Saved data entries →

lemma rect_subset_rectD:
  assumes "rect l c r \<subseteq> rect l c' r'" "i < l"
  shows "\<bar>real_of_int (c i - c' i)\<bar> + real_of_int \<lfloor>\<bar>r i\<bar>\<rfloor> \<le> \<bar>r' i\<bar>"
proof -
  define s :: int where "s = (if c' i \<le> c i then 1 else -1)"
  have s: "\<bar>s\<bar> \<le> 1" by (simp add: s_def)
  have "((\<lambda>j. if j = i then c i + s * \<lfloor>\<bar>r i\<bar>\<rfloor> else if j < l then c j else 0), 0::'a::ab_group_add)
      \<in> rect l c' r'"
    using assms(1) rect_corner_mem[OF assms(2) s] by blast
  then have "\<bar>real_of_int (c i + s * \<lfloor>\<bar>r i\<bar>\<rfloor> - c' i)\<bar> \<le> \<bar>r' i\<bar>"
    using assms(2) unfolding mem_rect_iff by auto
  moreover have "0 \<le> \<lfloor>\<bar>r i\<bar>\<rfloor>" by simp
  ultimately show ?thesis by (cases "c' i \<le> c i") (auto simp: s_def)
qed

lemma msum_rect_subset_rectD:
  assumes "msum (rect l c r) (rect l c' r') \<subseteq> rect l d r''" "i < l"
  shows "\<bar>real_of_int (c i + c' i - d i)\<bar> + real_of_int \<lfloor>\<bar>r i\<bar>\<rfloor> + real_of_int \<lfloor>\<bar>r' i\<bar>\<rfloor> \<le> \<bar>r'' i\<bar>"
proof -
  define s :: int where "s = (if d i \<le> c i + c' i then 1 else -1)"
  have s: "\<bar>s\<bar> \<le> 1" by (simp add: s_def)
  have "vadd ((\<lambda>j. if j = i then c i + s * \<lfloor>\<bar>r i\<bar>\<rfloor> else if j < l then c j else 0), 0::'a::ab_group_add)
      ((\<lambda>j. if j = i then c' i + s * \<lfloor>\<bar>r' i\<bar>\<rfloor> else if j < l then c' j else 0), 0) \<in> rect l d r''"
    using assms(1) rect_corner_mem[OF assms(2) s] unfolding msum_def by blast
  then have "\<bar>real_of_int (c i + s * \<lfloor>\<bar>r i\<bar>\<rfloor> + (c' i + s * \<lfloor>\<bar>r' i\<bar>\<rfloor>) - d i)\<bar> \<le> \<bar>r'' i\<bar>"
    using assms(2) unfolding mem_rect_iff by auto
  moreover have "0 \<le> \<lfloor>\<bar>r i\<bar>\<rfloor>" "0 \<le> \<lfloor>\<bar>r' i\<bar>\<rfloor>" by simp_all
  ultimately show ?thesis by (cases "d i \<le> c i + c' i") (auto simp: s_def algebra_simps)
qed

lemma rect_cr_unique:
  assumes "rect_cr l A c L" "rect_cr l A c' L'"
  shows "c' = c \<and> L' = L"
proof -
  have A: "rect l c (\<lambda>i. real (L i)) = A" "rect l c' (\<lambda>i. real (L' i)) = A"
    and beyond: "\<forall>i\<ge>l. c i = 0 \<and> L i = 0" "\<forall>i\<ge>l. c' i = 0 \<and> L' i = 0"
    using assms unfolding rect_cr_def by auto
  have "c' i = c i \<and> L' i = L i" if "i < l" for i
    using rect_subset_rectD[of l c _ c' _ i] rect_subset_rectD[of l c' _ c _ i] A that
    by (fastforce simp: abs_minus_commute)
  then show ?thesis using beyond by (metis ext not_le)
qed

lemma rscale_rect:
  assumes "rect_cr l A c L"
  shows "rscale l t A = rect l c (\<lambda>i. t * real (L i))"
  unfolding rscale_def by (rule the_equality) (use assms rect_cr_unique[OF assms] in blast)+

lemma rect_floor_radius: "rect l c r = rect l c (\<lambda>i. real (nat \<lfloor>\<bar>r i\<bar>\<rfloor>))"
proof -
  have "(\<bar>real_of_int k\<bar> \<le> \<bar>r i\<bar>) = (\<bar>real_of_int k\<bar> \<le> \<bar>real (nat \<lfloor>\<bar>r i\<bar>\<rfloor>)\<bar>)" for k i
  proof -
    have "(\<bar>real_of_int k\<bar> \<le> \<bar>r i\<bar>) \<longleftrightarrow> \<bar>k\<bar> \<le> \<lfloor>\<bar>r i\<bar>\<rfloor>" by (simp add: le_floor_iff)
    also have "\<dots> \<longleftrightarrow> real_of_int \<bar>k\<bar> \<le> real_of_int \<lfloor>\<bar>r i\<bar>\<rfloor>" by (simp only: of_int_le_iff)
    finally show ?thesis by simp
  qed
  then show ?thesis unfolding rect_def by (simp only:)
qed

lemma rect_cr_rscale:
  assumes "rect_cr l A c L"
  shows "rect_cr l (rscale l t A) c (\<lambda>i. nat \<lfloor>\<bar>t * real (L i)\<bar>\<rfloor>)"
  using assms rect_floor_radius[of l c "\<lambda>i. t * real (L i)"]
  unfolding rscale_rect[OF assms] by (auto simp: rect_cr_def)

lemma rsub_iff:
  assumes "rect_cr l A cA LA" "rect_cr l B cB LB"
  shows "rsub l A B \<longleftrightarrow> (\<forall>i<l. LA i \<le> LB i)"
  using assms rect_cr_unique[OF assms(1)] rect_cr_unique[OF assms(2)] unfolding rsub_def by metis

Problem statement → Find each line above that contains "moreover", and copy those lines.

Final answer →
  moreover have "0 \<le> \<lfloor>\<bar>r i\<bar>\<rfloor>" by simp
  moreover have "0 \<le> \<lfloor>\<bar>r i\<bar>\<rfloor>" "0 \<le> \<lfloor>\<bar>r' i\<bar>\<rfloor>" by simp_all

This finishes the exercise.